[TASK BRIEF]
Write out the stretch of lines below that begins at the line with "(\<forall>i j. i" and ends at the line with "t. sym_lt \<tau>", including both, exactly as given and nothing more.

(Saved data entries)
+ + + + + + +

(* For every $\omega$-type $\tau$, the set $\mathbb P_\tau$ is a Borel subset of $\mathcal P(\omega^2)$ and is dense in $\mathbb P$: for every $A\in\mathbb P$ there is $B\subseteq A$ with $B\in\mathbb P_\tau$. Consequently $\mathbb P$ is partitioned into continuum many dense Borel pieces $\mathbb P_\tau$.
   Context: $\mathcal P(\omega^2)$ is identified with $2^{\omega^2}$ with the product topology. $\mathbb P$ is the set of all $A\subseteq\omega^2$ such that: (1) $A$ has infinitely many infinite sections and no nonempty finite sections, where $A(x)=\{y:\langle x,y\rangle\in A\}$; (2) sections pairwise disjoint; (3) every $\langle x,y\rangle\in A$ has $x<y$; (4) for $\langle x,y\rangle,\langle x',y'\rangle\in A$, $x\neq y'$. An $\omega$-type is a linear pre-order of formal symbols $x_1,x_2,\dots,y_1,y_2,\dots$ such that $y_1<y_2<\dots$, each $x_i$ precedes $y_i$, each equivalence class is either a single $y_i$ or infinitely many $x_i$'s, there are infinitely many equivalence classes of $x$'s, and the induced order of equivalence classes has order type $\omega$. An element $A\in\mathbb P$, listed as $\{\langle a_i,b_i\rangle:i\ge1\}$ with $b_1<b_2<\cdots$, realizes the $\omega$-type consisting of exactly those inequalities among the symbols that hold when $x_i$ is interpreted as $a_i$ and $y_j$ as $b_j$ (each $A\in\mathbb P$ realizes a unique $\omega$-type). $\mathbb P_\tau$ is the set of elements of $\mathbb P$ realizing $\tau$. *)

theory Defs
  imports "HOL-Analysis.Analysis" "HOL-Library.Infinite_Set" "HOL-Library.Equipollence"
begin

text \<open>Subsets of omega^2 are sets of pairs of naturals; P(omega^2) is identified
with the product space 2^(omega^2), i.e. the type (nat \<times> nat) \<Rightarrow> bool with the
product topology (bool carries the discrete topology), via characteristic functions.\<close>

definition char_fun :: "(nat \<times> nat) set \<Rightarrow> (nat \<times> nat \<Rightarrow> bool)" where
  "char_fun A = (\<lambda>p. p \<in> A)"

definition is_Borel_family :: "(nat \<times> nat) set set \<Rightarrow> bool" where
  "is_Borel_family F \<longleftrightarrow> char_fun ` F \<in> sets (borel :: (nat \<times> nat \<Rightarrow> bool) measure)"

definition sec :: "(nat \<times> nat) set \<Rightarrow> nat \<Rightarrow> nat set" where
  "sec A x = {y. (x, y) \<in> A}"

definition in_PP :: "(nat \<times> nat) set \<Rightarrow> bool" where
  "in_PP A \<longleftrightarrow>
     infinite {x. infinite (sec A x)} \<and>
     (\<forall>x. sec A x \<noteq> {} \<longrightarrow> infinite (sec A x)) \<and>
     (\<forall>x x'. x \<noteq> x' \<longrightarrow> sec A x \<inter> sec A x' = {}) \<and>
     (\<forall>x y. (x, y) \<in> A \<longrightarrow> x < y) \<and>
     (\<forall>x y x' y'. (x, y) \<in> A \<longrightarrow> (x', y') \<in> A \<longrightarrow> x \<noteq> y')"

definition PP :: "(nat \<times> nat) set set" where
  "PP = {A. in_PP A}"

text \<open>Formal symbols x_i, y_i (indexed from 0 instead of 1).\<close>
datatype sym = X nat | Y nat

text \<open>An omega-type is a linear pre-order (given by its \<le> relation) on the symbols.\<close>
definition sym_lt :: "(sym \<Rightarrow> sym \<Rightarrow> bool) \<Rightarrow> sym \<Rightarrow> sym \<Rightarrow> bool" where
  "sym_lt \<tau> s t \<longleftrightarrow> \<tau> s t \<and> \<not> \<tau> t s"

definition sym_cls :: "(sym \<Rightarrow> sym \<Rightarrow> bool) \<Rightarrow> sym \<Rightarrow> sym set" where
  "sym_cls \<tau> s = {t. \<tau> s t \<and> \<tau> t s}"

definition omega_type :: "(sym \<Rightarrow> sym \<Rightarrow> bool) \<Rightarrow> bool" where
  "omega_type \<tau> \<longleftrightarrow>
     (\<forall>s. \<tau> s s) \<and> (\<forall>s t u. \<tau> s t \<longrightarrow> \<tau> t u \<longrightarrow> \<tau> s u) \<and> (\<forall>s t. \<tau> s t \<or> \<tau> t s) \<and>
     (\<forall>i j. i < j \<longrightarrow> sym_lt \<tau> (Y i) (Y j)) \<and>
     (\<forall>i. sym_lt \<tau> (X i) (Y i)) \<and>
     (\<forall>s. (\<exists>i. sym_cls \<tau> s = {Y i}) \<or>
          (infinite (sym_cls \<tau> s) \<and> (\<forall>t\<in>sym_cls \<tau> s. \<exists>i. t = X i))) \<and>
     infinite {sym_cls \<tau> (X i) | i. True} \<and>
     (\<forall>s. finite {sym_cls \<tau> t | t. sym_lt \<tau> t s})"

+ + + + + + +

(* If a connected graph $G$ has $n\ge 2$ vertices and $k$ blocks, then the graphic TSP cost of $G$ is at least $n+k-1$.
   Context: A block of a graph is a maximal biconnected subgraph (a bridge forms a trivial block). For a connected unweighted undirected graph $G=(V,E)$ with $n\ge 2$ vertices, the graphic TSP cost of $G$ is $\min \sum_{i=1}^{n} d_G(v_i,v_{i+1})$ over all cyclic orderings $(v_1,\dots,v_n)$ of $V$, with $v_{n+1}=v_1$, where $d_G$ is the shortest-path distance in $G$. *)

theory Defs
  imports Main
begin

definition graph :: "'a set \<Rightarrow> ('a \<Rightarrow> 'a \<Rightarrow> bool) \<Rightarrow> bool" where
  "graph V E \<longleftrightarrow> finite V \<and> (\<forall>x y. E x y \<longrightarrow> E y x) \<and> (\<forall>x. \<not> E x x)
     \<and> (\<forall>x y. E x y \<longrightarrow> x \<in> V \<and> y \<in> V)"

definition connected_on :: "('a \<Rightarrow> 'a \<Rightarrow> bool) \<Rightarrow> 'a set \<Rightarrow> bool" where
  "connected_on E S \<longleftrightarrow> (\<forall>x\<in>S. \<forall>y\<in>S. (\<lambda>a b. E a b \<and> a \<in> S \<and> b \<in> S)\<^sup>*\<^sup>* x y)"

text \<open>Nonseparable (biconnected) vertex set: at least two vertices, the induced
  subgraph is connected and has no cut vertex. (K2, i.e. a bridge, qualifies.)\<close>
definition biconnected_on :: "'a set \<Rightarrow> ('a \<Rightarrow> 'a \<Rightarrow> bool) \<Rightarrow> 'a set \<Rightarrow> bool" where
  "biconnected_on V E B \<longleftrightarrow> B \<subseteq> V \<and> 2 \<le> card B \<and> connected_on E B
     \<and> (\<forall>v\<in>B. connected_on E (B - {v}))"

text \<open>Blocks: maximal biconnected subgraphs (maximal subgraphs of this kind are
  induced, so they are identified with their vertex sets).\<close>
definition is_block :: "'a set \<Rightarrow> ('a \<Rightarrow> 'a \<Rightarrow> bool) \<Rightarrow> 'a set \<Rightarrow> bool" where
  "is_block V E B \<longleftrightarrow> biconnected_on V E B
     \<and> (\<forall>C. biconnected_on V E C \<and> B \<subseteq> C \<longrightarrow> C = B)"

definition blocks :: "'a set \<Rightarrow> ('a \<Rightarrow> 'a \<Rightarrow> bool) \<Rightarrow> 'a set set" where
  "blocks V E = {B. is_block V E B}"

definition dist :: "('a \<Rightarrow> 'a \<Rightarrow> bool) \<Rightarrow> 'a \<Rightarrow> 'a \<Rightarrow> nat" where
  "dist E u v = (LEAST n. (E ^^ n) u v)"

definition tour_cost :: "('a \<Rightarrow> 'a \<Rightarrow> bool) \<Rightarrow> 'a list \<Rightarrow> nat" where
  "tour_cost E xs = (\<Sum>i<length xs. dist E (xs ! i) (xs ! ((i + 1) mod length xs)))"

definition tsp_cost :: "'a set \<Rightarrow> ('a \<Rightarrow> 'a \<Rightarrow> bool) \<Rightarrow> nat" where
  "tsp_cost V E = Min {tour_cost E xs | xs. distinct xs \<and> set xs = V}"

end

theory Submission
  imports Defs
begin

+ + + + + + +

[TASK RESPONSE]
     (\<forall>i j. i < j \<longrightarrow> sym_lt \<tau> (Y i) (Y j)) \<and>
     (\<forall>i. sym_lt \<tau> (X i) (Y i)) \<and>
     (\<forall>s. (\<exists>i. sym_cls \<tau> s = {Y i}) \<or>
          (infinite (sym_cls \<tau> s) \<and> (\<forall>t\<in>sym_cls \<tau> s. \<exists>i. t = X i))) \<and>
     infinite {sym_cls \<tau> (X i) | i. True} \<and>
     (\<forall>s. finite {sym_cls \<tau> t | t. sym_lt \<tau> t s})"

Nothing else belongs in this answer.